47.5.3 Aneurysmal Bone Cyst

ABCs occur most commonly in children and adolescents (median age, 10.2 years).⁶⁷ These expansile, vascular lesions have no known cause, although they have been reported to occur in conjunction with other pathologic conditions, such as giant cell tumor, fibrous dysplasia, and osteoblastoma.^{41,​42,​68} Histologically, the lesions often have a hemorrhagic component, with hemosiderin-containing macrophages; other features are multinucleated giant cells, fibrous tissue, and expansion of the cortical margins. Localized pain, worse with activity, is common. Neurologic symptoms occur as the lesion encroaches upon the neural foramina or spinal canal. Pathologic fracture or spinal instability may occur as the normal vertebral elements are replaced.

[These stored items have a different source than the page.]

lemma transfer_system_good_arrows:
  assumes "S \<subseteq> arrows G" "finite (carrier G)"
  shows "transfer_system G {(K, H) \<in> arrows G. good_arrow G S K H}"
  unfolding transfer_system_def
proof (intro conjI allI impI)
  fix A B C
  assume "(A, B) \<in> {(K, H) \<in> arrows G. good_arrow G S K H}"
    and "(B, C) \<in> {(K, H) \<in> arrows G. good_arrow G S K H}"
  then have "(A, B) \<in> arrows G" "(B, C) \<in> arrows G" "good_arrow G S A B" "good_arrow G S B C"
    by auto
  then show "(A, C) \<in> {(K, H) \<in> arrows G. good_arrow G S K H}"
    using good_arrow_trans[OF assms] transfer_system_trans[OF transfer_system_arrows] by simp
next
  fix A B g
  assume "(A, B) \<in> {(K, H) \<in> arrows G. good_arrow G S K H}" and g: "g \<in> carrier G"
  then have "(A, B) \<in> arrows G" "subgroup A G" "good_arrow G S A B"
    unfolding arrows_def by auto
  then show "(conj_set G g A, conj_set G g B) \<in> {(K, H) \<in> arrows G. good_arrow G S K H}"
    using good_arrow_conj[OF assms(1)] transfer_system_conj[OF transfer_system_arrows] g by simp
next
  fix A B L
  assume "(A, B) \<in> {(K, H) \<in> arrows G. good_arrow G S K H}" and L: "subgroup L G" "L \<subseteq> B"
  then have "(A, B) \<in> arrows G" "subgroup A G" "good_arrow G S A B"
    unfolding arrows_def by auto
  then show "(A \<inter> L, L) \<in> {(K, H) \<in> arrows G. good_arrow G S K H}"
    using good_arrow_restrict[OF assms] transfer_system_restrict[OF transfer_system_arrows] L by simp
qed (use good_arrow_refl arrows_def in auto)

end

theorem lemma2p12:
  fixes G :: "('a, 'b) monoid_scheme"
    and S :: "('a set \<times> 'a set) set"
    and K H :: "'a set"
  assumes "group G"
    and "finite (carrier G)"
    and "S \<subseteq> arrows G"
    and "\<forall>(A, B) \<in> S. A \<noteq> B"
    and "(K, H) \<in> arrows G"
    and "K \<noteq> H"
    and "N = Pexp K"
    and "(K, H) \<in> gen_ts G S"
  shows "\<exists>S'. S' \<subseteq> arrows_ge S N \<and> (K, H) \<in> gen_ts G S' \<and>
           (\<forall>x \<in> S' - arrows_ge S (N + 1). \<forall>y \<in> S' - arrows_ge S (N + 1). x = y)"
proof -
  interpret group G by fact
  have "S \<subseteq> {(K, H) \<in> arrows G. good_arrow G S K H}"
    using assms(3) good_arrow_of_mem by auto
  then have "gen_ts G S \<subseteq> {(K, H) \<in> arrows G. good_arrow G S K H}"
    using gen_ts_least transfer_system_good_arrows assms(2,3) by blast
  then have "good_arrow G S K H" using assms(8) by blast
  then show ?thesis unfolding good_arrow_def subsingleton_def assms(7) .
qed

end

Radiographically, these lesions appear distinct—expansile, eccentrically located masses with fluid–fluid levels in the central region of trabeculae surrounded by a thin “eggshell” rim of cortical bone. They are often primarily located in the posterior elements, although they may also extend into the pedicle and vertebral body (▶ Fig. 47.6). There may be a significant soft tissue component, with variable enhancement on MR imaging or CT. Radionucleotide bone scan may show areas of peripheral uptake and a central area of hypoactivity within the cystic component. Arteriography often shows a highly vascular lesion with extensive collateral formation. Preoperative embolization, on a case-by-case basis, is advocated by many centers because blood loss may be significant.^{15,​30,​31} Embolization should be considered for large ABCs, those that involve multiple vertebral levels, and those with significant ventral extension. Intraoperative fatality from uncontrolled hemorrhage has been described.³¹ Although biopsy has been performed safely,^24,​69 the unique radiographic appearance of these lesions often obviates the need for histologic diagnosis before definitive surgical treatment.